▸ ACTIVITY
In the records below, find the line containing "Gstep \<Longrightarrow> g", then reproduce that line and every one after it to the end, exactly and alone.

::::

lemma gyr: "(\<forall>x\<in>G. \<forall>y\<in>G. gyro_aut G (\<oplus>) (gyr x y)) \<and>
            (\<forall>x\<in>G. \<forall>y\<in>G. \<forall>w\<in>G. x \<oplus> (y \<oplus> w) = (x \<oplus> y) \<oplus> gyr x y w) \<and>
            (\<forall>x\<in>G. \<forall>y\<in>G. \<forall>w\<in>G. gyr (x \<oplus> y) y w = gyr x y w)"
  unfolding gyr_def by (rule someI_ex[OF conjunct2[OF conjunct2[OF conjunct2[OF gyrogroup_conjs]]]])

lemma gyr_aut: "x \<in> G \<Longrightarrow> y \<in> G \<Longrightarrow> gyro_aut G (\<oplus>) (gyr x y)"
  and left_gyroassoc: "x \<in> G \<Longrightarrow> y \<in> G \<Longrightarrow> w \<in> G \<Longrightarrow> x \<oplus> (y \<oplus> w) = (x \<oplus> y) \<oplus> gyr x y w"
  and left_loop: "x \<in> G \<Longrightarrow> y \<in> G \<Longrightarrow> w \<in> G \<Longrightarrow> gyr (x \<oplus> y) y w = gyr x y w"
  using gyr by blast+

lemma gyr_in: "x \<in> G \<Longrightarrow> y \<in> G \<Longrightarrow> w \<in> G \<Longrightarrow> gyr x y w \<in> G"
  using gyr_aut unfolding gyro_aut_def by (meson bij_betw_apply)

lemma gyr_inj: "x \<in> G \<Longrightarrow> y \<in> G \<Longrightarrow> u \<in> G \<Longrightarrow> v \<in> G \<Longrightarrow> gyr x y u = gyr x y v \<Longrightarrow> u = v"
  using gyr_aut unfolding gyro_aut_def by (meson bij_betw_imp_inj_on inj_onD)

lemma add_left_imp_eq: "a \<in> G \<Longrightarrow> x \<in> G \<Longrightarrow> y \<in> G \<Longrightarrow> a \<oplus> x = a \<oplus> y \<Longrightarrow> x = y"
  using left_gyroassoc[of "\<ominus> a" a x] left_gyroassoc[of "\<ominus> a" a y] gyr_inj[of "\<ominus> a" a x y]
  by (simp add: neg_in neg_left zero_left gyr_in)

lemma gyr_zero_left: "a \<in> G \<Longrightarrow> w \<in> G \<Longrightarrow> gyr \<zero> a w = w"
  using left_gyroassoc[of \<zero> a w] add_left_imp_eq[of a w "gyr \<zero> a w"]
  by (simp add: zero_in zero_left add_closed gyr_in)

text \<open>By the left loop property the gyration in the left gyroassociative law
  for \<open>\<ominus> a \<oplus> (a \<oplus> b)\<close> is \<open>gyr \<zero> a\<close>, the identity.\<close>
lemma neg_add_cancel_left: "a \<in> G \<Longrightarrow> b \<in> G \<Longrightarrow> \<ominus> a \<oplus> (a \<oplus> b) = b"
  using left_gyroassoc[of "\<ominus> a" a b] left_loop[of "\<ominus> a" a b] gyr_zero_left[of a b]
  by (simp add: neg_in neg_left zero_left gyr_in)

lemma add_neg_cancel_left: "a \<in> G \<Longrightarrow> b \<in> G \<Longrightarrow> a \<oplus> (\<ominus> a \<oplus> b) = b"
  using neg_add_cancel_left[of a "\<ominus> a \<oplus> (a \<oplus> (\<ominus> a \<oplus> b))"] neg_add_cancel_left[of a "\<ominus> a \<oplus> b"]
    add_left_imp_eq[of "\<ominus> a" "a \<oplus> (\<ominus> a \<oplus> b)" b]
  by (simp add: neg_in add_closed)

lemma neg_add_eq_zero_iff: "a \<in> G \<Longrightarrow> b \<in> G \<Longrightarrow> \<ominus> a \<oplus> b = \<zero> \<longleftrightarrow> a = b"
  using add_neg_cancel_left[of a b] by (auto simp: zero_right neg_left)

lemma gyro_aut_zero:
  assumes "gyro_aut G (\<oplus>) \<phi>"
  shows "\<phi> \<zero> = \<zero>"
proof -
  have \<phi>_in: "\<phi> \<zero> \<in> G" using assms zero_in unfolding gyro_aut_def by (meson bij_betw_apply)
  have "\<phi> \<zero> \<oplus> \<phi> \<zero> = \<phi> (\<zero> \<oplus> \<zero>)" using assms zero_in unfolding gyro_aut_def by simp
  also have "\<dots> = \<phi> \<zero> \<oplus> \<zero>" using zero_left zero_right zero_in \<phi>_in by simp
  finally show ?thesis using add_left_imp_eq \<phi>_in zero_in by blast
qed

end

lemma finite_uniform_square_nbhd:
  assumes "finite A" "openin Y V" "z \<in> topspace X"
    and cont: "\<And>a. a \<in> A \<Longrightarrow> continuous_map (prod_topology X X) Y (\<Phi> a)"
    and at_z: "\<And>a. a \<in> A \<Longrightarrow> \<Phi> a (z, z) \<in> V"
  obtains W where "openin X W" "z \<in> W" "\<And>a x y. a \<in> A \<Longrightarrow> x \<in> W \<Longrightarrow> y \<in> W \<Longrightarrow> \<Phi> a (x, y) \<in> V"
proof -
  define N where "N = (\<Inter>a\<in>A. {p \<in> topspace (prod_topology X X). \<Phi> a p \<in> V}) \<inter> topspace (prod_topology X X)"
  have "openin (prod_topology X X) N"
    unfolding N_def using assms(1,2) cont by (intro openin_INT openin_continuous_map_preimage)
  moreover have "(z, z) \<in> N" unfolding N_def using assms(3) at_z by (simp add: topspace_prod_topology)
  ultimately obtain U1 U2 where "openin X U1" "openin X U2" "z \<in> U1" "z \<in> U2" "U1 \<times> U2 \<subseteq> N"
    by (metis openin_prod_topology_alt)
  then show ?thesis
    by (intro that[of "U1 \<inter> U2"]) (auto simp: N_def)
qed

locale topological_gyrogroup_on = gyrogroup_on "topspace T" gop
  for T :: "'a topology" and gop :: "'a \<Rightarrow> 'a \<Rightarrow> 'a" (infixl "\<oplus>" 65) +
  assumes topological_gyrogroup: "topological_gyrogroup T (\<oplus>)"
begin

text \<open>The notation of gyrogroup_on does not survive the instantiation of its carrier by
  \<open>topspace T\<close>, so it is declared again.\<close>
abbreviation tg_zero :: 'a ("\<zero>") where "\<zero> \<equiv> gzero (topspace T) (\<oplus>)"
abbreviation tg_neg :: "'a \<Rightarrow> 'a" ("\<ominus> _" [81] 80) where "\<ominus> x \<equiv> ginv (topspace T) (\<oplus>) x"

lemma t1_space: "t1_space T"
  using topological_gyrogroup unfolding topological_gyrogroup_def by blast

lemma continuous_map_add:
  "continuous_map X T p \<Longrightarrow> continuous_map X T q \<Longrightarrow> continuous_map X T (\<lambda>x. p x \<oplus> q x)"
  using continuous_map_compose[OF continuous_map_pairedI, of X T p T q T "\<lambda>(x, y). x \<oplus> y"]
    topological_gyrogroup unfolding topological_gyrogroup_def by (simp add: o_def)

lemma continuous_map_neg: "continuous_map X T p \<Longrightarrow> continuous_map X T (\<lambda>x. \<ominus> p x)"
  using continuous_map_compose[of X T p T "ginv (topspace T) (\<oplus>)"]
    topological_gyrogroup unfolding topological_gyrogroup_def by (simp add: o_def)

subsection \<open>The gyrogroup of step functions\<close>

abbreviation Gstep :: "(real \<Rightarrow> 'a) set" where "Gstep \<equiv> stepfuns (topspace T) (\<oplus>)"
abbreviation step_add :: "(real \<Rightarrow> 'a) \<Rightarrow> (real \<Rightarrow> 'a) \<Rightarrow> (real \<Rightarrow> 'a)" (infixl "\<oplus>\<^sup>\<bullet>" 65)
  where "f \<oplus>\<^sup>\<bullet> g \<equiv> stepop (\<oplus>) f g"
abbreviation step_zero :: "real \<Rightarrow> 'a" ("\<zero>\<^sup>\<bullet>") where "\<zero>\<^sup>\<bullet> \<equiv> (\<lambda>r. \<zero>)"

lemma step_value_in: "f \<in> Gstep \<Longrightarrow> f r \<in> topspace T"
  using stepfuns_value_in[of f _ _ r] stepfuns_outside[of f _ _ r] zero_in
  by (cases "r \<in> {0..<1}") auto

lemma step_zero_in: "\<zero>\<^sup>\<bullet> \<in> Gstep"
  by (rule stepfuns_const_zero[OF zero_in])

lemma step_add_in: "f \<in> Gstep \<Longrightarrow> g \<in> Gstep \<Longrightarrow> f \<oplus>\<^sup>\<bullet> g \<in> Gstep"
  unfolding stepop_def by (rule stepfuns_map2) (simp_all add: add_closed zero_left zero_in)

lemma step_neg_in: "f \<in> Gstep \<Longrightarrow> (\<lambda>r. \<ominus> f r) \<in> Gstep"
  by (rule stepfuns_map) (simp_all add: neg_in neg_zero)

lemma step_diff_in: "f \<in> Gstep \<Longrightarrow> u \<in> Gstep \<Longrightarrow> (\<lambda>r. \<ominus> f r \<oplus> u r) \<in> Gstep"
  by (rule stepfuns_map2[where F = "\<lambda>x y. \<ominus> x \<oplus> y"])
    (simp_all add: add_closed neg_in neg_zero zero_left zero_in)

::::

▸ TASK SOLUTION
lemma step_add_in: "f \<in> Gstep \<Longrightarrow> g \<in> Gstep \<Longrightarrow> f \<oplus>\<^sup>\<bullet> g \<in> Gstep"
  unfolding stepop_def by (rule stepfuns_map2) (simp_all add: add_closed zero_left zero_in)

lemma step_neg_in: "f \<in> Gstep \<Longrightarrow> (\<lambda>r. \<ominus> f r) \<in> Gstep"
  by (rule stepfuns_map) (simp_all add: neg_in neg_zero)

lemma step_diff_in: "f \<in> Gstep \<Longrightarrow> u \<in> Gstep \<Longrightarrow> (\<lambda>r. \<ominus> f r \<oplus> u r) \<in> Gstep"
  by (rule stepfuns_map2[where F = "\<lambda>x y. \<ominus> x \<oplus> y"])
    (simp_all add: add_closed neg_in neg_zero zero_left zero_in)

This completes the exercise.